Wednesday, August 5, 2015

Finding Freedom From My Emotions


I just finished reading Unglued: Making Wise Choices in the Midst of Raw Emotions by Lysa TerKeurst. I checked it out from the library because I had heard good things about the author but I wasn't sure how applicable the book would be. I'm not a particularly emotional person, at least not outwardly emotional. However, in the book she talked about the various ways we deal with emotions (stuffing or spewing) and I was able to see how I tend to process emotions.

I liked that she acknowledged that we are not necessarily always a stuffer or always a spewer. How we react can depend on the situation or the relationship we have with the person in the difficult, emotion raising moment.

Lysa stated that the goal is not perfection - never losing our cool, never lashing out and hurting others, never stuffing our emotions down to keep the peace but feeling bitterness rise within us. Her goal is imperfect progress. It is growing in managing our emotions with rationality, peace and wisdom. It's getting out of our immediate feelings to gain perspective on what may be underneath the emotions.

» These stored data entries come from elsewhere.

(* Let $1\le k\le n$ and let $H_1,\dots,H_k\subset\mathbb{E}^n$ be closed halfspaces whose boundary hyperplanes are in general position (their normal vectors are linearly independent). Let $\bar H_i$ be the closure of $\mathbb{E}^n\setminus H_i$, and set $P=\bigcap_{i=1}^kH_i$, $\bar P=\bigcap_{i=1}^k\bar H_i$. Then for every point $\mathbf{p}_0\in\mathbb{E}^n$, $$W_{P,\mathbf{p}_0,n}'(0)+W_{\bar P,\mathbf{p}_0,n}'(0)=0,$$ where $W_{Q,\mathbf{p}_0,n}$ denotes the holomorphic extension to a neighborhood of $s=0$ of the function $s\mapsto s^nV_{Q,\mathbf{p}_0,n}(1/s)$, $s>0$ (such an extension exists for every convex polyhedral set $Q$).
   Context: For a convex polyhedral set $Q\subset\mathbb{E}^n$ (a nonempty intersection of finitely many closed halfspaces) and $\mathbf{p}_0\in\mathbb{E}^n$, $V_{Q,\mathbf{p}_0,n}(r)=\mathrm{Vol}_n[Q\cap B_n(\mathbf{p}_0,r)]$ for $r\ge0$ (and $0$ for $r<0$), where $B_n(\mathbf{p}_0,r)$ is the closed ball of radius $r$ centered at $\mathbf{p}_0$. *)

theory Defs
  imports "HOL-Analysis.Analysis"
begin

definition ball_vol :: "('a::euclidean_space) set \<Rightarrow> 'a \<Rightarrow> real \<Rightarrow> real" where
  "ball_vol Q p0 r = (if r < 0 then 0 else measure lebesgue (Q \<inter> cball p0 r))"

definition is_W_ext :: "('a::euclidean_space) set \<Rightarrow> 'a \<Rightarrow> (complex \<Rightarrow> complex) \<Rightarrow> bool" where
  "is_W_ext Q p0 W \<longleftrightarrow> (\<exists>e>0. W holomorphic_on ball 0 e \<and>
      (\<forall>s::real. 0 < s \<and> s < e \<longrightarrow>
         W (complex_of_real s) = complex_of_real (s ^ DIM('a) * ball_vol Q p0 (1 / s))))"

end

theory Submission
  imports Defs
begin

(*
  Let C = {x. a i \<bullet> x \<le> 0, i < k} be the polyhedral cone spanned by the inner normals,
  q a common point of the k boundary hyperplanes (it exists because the normals are linearly
  independent) and d = p0 - q. Then P = q + C and the opposite polyhedron is q - C, so
  rescaling by s > 0 gives, with g v = vol (C \<inter> cball v 1),
      s^n V_P(1/s) = g (s d),        s^n V_(q - C)(1/s) = g (-s d).
  Hence W1 s + W2 s = g (s d) + g (-s d) for small real s > 0. The heart of the proof is the
  estimate  |g v + g (-v) - 2 g 0| = O(|v|^2):  after a translation by v this second difference
  is controlled by the volume of the points that lie both in the symmetric difference of C and
  v + C (they are within |v| of a boundary hyperplane of C) and in the symmetric difference of
  the unit balls about v and 0 (they are within |v| of the unit sphere). That layer is covered
  by k pieces  slab \<inter> shell  of volume O(|v|^2) each. Finally, a holomorphic function whose
  values on a real interval (0,e) stay within O(s^2) of a constant has derivative 0 at 0.
*)

definition slab :: "'a::euclidean_space \<Rightarrow> real \<Rightarrow> 'a set" where
  "slab u e = {x. \<bar>u \<bullet> x\<bar> \<le> e}"

definition shell :: "real \<Rightarrow> 'a::euclidean_space set" where
  "shell d = {x. 1 - d < norm x \<and> norm x \<le> 1 + d}"

lemma closed_slab: "closed (slab u e)"
  unfolding slab_def by (simp add: closed_Collect_le continuous_intros)

lemma slab_lebesgue_measurable: "slab u e \<in> sets lebesgue"
  by (simp add: borel_closed closed_slab)

lemma slab_cball_lmeasurable: "slab u e \<inter> cball c r \<in> lmeasurable"
  by (metis Int_commute closed_slab compact_Int_closed compact_cball lmeasurable_compact)

lemma shell_lmeasurable: "shell d \<in> lmeasurable"
proof -
  have "shell d = cball 0 (1 + d) - cball (0::'a) (1 - d)" by (auto simp: shell_def)
  thus ?thesis by (simp add: fmeasurable_Diff borel_closed)
qed

text \<open>Packing bound: about \<open>1/(3\<eta>)\<close> disjoint translates of a thin slab of the unit ball fit
  into the ball of radius 2, so such a slab has volume \<open>O(\<eta>)\<close>.\<close>

lemma slab_unit_ball_measure_le:
  fixes u :: "'a::euclidean_space"
  assumes u: "norm u = 1" and eta: "\<eta> > 0"
  shows "measure lebesgue (slab u \<eta> \<inter> cball 0 1) \<le> 3 * \<eta> * measure lebesgue (cball (0::'a) 2)"
proof -
  define S where "S = slab u \<eta> \<inter> cball (0::'a) 1"
  define N where "N = nat \<lfloor>1 / (3 * \<eta>)\<rfloor>"
  define F where "F j = (+) ((3 * real j * \<eta>) *\<^sub>R u) ` S" for j :: nat
  have N: "real N \<le> 1 / (3 * \<eta>)" "1 / (3 * \<eta>) \<le> real N + 1"
    using eta by (auto simp: N_def)
  have F_lmeas: "F j \<in> lmeasurable" for j
    unfolding F_def S_def by (intro measurable_translation slab_cball_lmeasurable)
  have F_measure: "measure lebesgue (F j) = measure lebesgue S" for j
    unfolding F_def by (rule measure_translation)
  have F_mem: "\<bar>u \<bullet> x - 3 * real j * \<eta>\<bar> \<le> \<eta> \<and> norm x \<le> 1 + 3 * real j * \<eta>" if xF: "x \<in> F j" for x j
  proof -
    obtain y where y: "y \<in> S" "x = (3 * real j * \<eta>) *\<^sub>R u + y" using xF unfolding F_def by blast
    have "u \<bullet> x = 3 * real j * \<eta> + u \<bullet> y" using y u by (simp add: inner_add_right norm_eq_1)
    moreover have "norm x \<le> 3 * real j * \<eta> + norm y"
      using y u eta norm_triangle_ineq[of "(3 * real j * \<eta>) *\<^sub>R u" y] by simp
    ultimately show ?thesis using y(1) unfolding S_def slab_def by auto
  qed
  have disjoint: "pairwise (\<lambda>i j. disjnt (F i) (F j)) {..N}"
    unfolding pairwise_def disjnt_def
  proof (intro ballI impI equals0I)
    fix i j x assume "i \<noteq> j" "x \<in> F i \<inter> F j"
    hence "\<bar>u \<bullet> x - 3 * real i * \<eta>\<bar> \<le> \<eta>" "\<bar>u \<bullet> x - 3 * real j * \<eta>\<bar> \<le> \<eta>"
      using F_mem by auto
    hence "\<bar>3 * \<eta> * (real i - real j)\<bar> \<le> 2 * \<eta>" by (simp add: algebra_simps abs_le_iff)
    moreover have "3 * \<eta> * 1 \<le> 3 * \<eta> * \<bar>real i - real j\<bar>"
      using eta \<open>i \<noteq> j\<close> by (intro mult_left_mono) auto
    ultimately show False using eta by (simp add: abs_mult)
  qed
  have inside: "(\<Union>j\<in>{..N}. F j) \<subseteq> cball 0 2"
  proof clarsimp
    fix j x assume "j \<le> N" "x \<in> F j"
    moreover have "3 * real j * \<eta> \<le> 3 * real N * \<eta>" using \<open>j \<le> N\<close> eta by simp
    moreover have "3 * real N * \<eta> \<le> 1" using N eta by (simp add: field_simps)
    ultimately show "norm x \<le> 2" using F_mem by fastforce
  qed
  have "(real N + 1) * measure lebesgue S = measure lebesgue (\<Union>j\<in>{..N}. F j)"
    using F_lmeas disjoint by (simp add: measure_UNION' F_measure)
  also have "\<dots> \<le> measure lebesgue (cball (0::'a) 2)"
    using inside F_lmeas by (intro measure_mono_fmeasurable) (auto intro: fmeasurableD)
  finally have "1 / (3 * \<eta>) * measure lebesgue S \<le> measure lebesgue (cball (0::'a) 2)"
    using N(2) by (smt (verit) measure_nonneg mult_right_mono)
  thus ?thesis using eta unfolding S_def by (simp add: field_simps)
qed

I was very skeptical about the book but was very pleasantly surprised. Her words gave me a lot to think about in my relationships with my family and friends and how I tend to deal with uncomfortable emotions. I liked the reminder that emotions are external signs of internal issues.
Image courtesy of Mr Lightman at FreeDigitalPhotos.net
I have also been reading Boundaries by Dr. Henry Cloud and Dr. John Townsend and I feel like these two books are related. Boundaries talks some about not giving others control of how we feel. Others can't MAKE us feel angry. We have to choose to feel emotions and deal with it by changing our circumstances (preventing an undesirable action or event to occur that causes us feel negative emotions). We cannot ever change another person, only our response to others.

Some of this really resonates with me. I have a tendency to think that I am not living up to others' expectations and then feel guilty. This is my own negative thinking. I am allowing myself to feel guilty. I can choose to ask the other person about their expectations rather than project what I think their expectations might be. It can save a lot of anxiety. Thinking more about what words and actions stir up my emotions can help me address them for clarity. I can ask what someone meant rather than thinking the worst. It is encouraging and freeing to me.